### Data provided
*** Begin section ***
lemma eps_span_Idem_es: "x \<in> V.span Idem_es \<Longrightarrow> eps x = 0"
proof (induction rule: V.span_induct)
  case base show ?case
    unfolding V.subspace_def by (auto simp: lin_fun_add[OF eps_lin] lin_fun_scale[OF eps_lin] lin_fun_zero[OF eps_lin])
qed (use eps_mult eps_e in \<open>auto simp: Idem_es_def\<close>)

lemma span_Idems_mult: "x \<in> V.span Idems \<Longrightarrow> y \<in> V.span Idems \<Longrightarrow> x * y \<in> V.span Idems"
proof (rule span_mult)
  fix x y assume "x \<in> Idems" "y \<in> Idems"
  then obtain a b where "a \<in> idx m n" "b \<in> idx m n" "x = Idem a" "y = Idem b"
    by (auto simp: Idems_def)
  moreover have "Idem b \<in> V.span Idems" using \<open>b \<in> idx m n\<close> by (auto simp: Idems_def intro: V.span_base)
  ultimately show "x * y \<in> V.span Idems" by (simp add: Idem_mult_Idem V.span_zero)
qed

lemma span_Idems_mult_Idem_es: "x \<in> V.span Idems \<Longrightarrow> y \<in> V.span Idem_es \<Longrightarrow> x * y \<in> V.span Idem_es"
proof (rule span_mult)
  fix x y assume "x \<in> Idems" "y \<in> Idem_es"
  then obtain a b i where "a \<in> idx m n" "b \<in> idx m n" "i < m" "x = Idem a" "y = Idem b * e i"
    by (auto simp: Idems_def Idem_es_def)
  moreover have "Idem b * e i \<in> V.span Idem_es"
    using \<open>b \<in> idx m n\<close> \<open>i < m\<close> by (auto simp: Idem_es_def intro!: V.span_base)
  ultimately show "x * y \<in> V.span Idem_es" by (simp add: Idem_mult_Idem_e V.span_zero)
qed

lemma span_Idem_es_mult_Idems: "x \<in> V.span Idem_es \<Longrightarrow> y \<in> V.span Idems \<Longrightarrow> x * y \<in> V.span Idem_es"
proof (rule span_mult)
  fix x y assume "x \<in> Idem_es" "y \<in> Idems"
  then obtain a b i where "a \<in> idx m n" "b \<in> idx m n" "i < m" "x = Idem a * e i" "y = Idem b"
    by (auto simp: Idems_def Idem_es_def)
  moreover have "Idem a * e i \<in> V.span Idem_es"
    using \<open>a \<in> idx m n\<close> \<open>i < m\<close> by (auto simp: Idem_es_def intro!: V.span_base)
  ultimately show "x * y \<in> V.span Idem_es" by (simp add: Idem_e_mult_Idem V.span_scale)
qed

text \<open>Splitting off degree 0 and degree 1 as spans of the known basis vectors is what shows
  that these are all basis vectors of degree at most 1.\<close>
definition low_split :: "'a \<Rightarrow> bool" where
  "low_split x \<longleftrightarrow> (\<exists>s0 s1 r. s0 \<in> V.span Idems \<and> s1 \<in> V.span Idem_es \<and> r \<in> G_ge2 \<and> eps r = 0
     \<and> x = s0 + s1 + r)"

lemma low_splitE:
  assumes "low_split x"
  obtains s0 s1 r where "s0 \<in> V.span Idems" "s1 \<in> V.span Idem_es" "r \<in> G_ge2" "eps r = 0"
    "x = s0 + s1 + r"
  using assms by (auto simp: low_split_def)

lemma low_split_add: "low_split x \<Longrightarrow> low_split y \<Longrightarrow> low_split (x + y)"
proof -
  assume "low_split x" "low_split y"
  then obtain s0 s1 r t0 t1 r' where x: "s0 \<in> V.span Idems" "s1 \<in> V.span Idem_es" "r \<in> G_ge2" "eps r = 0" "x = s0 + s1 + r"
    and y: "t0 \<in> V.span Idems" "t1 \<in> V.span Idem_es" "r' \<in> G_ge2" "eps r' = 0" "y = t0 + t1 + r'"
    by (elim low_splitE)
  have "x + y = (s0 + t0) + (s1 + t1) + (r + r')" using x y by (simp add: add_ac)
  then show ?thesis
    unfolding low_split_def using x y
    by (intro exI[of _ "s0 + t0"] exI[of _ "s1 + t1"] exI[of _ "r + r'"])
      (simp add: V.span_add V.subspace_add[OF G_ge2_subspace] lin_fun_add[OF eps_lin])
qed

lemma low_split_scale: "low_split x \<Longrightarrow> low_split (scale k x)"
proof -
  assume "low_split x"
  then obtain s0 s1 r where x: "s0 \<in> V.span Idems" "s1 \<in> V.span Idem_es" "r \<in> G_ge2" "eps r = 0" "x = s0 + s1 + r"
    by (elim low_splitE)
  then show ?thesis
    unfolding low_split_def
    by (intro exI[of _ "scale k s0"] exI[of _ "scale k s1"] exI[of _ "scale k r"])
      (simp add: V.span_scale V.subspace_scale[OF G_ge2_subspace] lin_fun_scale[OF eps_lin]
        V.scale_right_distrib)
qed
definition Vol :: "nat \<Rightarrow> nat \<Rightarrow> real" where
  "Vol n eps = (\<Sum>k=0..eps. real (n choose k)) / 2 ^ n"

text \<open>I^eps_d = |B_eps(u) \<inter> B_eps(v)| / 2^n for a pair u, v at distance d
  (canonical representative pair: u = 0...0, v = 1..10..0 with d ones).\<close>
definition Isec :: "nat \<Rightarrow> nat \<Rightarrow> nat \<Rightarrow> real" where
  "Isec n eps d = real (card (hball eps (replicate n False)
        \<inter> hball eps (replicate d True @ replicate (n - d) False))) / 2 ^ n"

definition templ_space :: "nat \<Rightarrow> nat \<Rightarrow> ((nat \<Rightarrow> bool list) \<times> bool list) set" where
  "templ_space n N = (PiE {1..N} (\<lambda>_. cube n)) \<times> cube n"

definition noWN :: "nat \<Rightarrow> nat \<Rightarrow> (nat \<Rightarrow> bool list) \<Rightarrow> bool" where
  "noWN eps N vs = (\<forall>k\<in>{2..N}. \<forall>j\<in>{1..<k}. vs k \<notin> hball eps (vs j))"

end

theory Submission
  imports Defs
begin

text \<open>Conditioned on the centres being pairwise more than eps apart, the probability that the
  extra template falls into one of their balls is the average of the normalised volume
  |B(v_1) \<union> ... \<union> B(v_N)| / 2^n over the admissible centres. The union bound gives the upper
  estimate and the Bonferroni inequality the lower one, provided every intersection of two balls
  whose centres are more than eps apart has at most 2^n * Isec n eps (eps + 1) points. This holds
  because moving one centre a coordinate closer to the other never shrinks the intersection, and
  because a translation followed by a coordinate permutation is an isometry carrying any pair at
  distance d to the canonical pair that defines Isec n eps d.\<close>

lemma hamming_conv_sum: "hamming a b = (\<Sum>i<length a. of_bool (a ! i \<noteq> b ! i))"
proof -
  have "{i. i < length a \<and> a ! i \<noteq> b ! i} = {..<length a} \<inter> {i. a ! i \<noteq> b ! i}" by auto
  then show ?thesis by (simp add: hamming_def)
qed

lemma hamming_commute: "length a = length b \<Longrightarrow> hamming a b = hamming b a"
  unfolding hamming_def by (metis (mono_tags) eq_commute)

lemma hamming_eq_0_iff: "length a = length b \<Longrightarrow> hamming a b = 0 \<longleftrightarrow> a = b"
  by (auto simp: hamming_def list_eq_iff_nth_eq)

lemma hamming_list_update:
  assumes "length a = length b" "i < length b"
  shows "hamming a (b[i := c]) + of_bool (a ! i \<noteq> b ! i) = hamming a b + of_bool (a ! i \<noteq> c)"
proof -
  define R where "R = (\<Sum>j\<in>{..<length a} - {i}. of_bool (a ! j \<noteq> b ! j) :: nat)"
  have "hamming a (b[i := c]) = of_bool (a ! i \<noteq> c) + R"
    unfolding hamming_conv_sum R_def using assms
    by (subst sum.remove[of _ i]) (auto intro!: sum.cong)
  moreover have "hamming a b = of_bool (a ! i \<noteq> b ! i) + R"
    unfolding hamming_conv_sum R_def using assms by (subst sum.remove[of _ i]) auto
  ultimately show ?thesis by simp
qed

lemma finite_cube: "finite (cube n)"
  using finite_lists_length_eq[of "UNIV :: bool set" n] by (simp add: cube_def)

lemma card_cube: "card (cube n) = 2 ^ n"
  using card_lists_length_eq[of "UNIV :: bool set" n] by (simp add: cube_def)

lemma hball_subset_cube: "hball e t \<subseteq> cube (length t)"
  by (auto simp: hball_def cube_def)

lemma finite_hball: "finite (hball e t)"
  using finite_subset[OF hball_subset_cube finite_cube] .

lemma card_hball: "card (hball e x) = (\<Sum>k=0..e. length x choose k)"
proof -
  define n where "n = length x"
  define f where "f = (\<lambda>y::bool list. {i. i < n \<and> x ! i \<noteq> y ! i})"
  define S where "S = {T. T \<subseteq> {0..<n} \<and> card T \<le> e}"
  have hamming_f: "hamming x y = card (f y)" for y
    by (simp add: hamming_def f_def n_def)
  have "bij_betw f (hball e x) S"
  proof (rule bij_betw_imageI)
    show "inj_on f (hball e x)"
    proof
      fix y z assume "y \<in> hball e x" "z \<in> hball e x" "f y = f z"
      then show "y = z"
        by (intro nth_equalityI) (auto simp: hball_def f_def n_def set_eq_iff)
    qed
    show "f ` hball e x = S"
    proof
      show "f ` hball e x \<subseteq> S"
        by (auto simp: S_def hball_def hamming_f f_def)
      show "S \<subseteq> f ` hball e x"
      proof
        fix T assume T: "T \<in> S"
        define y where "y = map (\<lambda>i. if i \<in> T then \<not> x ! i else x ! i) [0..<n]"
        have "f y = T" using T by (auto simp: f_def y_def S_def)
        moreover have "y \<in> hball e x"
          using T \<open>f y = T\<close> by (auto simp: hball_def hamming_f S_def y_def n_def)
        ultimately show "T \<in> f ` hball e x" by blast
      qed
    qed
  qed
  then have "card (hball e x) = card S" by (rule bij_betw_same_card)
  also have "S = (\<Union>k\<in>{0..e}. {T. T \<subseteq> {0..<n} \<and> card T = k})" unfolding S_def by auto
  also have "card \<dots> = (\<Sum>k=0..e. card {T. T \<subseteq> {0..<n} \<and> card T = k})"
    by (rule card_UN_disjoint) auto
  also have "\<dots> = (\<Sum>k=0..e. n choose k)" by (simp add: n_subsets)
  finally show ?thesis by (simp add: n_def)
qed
*** End section ***
*** Begin section ***
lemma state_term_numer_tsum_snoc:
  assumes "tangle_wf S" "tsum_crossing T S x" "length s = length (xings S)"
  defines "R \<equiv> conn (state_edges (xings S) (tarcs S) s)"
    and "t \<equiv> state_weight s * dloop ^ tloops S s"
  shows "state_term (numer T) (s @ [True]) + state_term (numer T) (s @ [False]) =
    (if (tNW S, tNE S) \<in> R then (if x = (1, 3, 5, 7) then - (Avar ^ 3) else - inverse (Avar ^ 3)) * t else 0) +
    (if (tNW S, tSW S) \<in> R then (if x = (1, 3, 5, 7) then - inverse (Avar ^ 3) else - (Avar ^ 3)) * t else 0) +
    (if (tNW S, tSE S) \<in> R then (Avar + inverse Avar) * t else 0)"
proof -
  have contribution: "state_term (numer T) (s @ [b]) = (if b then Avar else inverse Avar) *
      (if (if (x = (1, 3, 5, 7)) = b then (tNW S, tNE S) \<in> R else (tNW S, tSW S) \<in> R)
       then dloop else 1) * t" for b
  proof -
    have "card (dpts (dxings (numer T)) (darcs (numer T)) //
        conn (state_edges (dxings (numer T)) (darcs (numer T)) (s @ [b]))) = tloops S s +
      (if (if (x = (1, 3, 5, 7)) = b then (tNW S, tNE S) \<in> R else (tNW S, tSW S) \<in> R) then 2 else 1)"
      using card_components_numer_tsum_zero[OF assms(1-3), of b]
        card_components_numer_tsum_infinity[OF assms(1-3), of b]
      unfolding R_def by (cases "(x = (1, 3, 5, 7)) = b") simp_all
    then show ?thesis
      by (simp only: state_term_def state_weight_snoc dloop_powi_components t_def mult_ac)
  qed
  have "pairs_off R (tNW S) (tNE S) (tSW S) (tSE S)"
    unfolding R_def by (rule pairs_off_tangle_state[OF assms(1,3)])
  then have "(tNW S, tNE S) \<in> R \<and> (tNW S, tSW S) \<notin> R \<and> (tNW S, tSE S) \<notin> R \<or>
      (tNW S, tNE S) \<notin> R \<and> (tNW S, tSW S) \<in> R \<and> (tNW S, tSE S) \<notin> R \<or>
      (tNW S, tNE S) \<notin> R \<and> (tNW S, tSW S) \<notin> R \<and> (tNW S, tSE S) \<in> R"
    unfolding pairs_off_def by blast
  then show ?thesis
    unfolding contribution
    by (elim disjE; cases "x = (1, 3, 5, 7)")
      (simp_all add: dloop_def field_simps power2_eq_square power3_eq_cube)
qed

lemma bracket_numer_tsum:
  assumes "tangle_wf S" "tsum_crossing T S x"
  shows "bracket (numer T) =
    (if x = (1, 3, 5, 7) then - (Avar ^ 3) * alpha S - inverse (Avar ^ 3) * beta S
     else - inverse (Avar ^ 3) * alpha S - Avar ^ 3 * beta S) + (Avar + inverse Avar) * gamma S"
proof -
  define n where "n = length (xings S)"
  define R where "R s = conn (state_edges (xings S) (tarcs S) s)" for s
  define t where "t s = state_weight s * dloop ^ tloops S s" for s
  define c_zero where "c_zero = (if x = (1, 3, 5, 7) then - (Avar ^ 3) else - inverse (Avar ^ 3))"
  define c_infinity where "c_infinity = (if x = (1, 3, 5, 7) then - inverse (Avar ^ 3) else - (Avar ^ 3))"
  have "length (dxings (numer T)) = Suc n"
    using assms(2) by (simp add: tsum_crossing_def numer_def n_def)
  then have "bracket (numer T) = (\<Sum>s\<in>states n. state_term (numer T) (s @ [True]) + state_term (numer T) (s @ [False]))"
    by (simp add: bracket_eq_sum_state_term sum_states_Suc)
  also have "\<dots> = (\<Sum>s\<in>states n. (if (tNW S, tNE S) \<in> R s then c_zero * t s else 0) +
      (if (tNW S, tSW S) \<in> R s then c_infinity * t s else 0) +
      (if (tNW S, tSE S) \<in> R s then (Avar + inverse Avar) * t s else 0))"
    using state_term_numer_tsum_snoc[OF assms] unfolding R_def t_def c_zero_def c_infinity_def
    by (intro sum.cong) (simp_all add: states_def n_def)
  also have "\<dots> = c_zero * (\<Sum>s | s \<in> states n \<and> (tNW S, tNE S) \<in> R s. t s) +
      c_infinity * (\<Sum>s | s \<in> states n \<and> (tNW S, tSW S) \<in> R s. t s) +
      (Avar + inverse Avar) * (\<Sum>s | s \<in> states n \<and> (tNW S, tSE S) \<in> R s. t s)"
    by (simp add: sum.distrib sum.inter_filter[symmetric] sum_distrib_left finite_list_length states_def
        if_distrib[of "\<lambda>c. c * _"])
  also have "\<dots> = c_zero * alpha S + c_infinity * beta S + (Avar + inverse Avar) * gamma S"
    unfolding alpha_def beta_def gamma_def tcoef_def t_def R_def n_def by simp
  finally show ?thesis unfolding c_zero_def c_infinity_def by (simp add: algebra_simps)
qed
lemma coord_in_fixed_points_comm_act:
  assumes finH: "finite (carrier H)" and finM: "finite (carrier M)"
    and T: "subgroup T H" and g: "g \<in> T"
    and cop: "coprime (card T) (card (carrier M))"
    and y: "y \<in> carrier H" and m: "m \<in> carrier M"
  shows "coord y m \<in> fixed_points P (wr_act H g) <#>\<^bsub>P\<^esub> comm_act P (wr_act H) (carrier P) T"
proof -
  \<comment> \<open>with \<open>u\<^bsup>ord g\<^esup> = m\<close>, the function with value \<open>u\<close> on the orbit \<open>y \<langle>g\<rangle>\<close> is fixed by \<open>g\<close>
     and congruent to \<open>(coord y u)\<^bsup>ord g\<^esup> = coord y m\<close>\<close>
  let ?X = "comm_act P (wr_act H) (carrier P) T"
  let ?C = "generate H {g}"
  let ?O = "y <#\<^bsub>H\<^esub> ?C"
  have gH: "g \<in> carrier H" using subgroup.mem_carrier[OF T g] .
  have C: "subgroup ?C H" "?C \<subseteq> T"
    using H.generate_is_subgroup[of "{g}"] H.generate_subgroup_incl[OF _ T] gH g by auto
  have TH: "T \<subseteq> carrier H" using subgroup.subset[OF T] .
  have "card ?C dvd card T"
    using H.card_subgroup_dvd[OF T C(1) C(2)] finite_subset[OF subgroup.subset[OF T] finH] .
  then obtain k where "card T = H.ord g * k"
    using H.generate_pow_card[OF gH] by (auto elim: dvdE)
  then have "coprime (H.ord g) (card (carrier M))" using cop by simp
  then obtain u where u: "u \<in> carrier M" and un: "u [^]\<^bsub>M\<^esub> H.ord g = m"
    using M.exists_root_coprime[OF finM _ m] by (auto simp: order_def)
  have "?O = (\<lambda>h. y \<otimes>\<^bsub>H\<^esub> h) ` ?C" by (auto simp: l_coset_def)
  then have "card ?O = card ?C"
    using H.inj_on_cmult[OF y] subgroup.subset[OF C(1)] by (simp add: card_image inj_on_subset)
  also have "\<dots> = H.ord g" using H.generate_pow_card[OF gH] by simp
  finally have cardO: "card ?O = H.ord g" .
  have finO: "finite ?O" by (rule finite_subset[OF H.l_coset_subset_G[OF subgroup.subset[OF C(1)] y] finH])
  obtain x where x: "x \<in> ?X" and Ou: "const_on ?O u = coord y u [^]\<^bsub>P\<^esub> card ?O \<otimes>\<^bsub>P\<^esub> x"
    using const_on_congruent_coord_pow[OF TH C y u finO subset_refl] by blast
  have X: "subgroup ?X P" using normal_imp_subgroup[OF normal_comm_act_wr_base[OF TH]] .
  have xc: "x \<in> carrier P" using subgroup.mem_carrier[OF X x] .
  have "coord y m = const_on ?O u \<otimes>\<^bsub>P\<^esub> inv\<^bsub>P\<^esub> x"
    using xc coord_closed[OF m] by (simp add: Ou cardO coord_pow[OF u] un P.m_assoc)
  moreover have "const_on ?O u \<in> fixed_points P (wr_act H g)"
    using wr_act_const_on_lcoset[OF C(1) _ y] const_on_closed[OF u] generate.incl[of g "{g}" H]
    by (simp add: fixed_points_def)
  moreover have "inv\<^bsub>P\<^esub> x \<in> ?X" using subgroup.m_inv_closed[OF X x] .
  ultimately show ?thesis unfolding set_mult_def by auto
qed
*** End section ***
### Your objective
The output should be exactly the lines above from the line containing "eps = (\<Sum>k=0..eps." to the line containing "(replicate n False)", inclusive, with no other lines.

### Result
  "Vol n eps = (\<Sum>k=0..eps. real (n choose k)) / 2 ^ n"

text \<open>I^eps_d = |B_eps(u) \<inter> B_eps(v)| / 2^n for a pair u, v at distance d
  (canonical representative pair: u = 0...0, v = 1..10..0 with d ones).\<close>
definition Isec :: "nat \<Rightarrow> nat \<Rightarrow> nat \<Rightarrow> real" where
  "Isec n eps d = real (card (hball eps (replicate n False)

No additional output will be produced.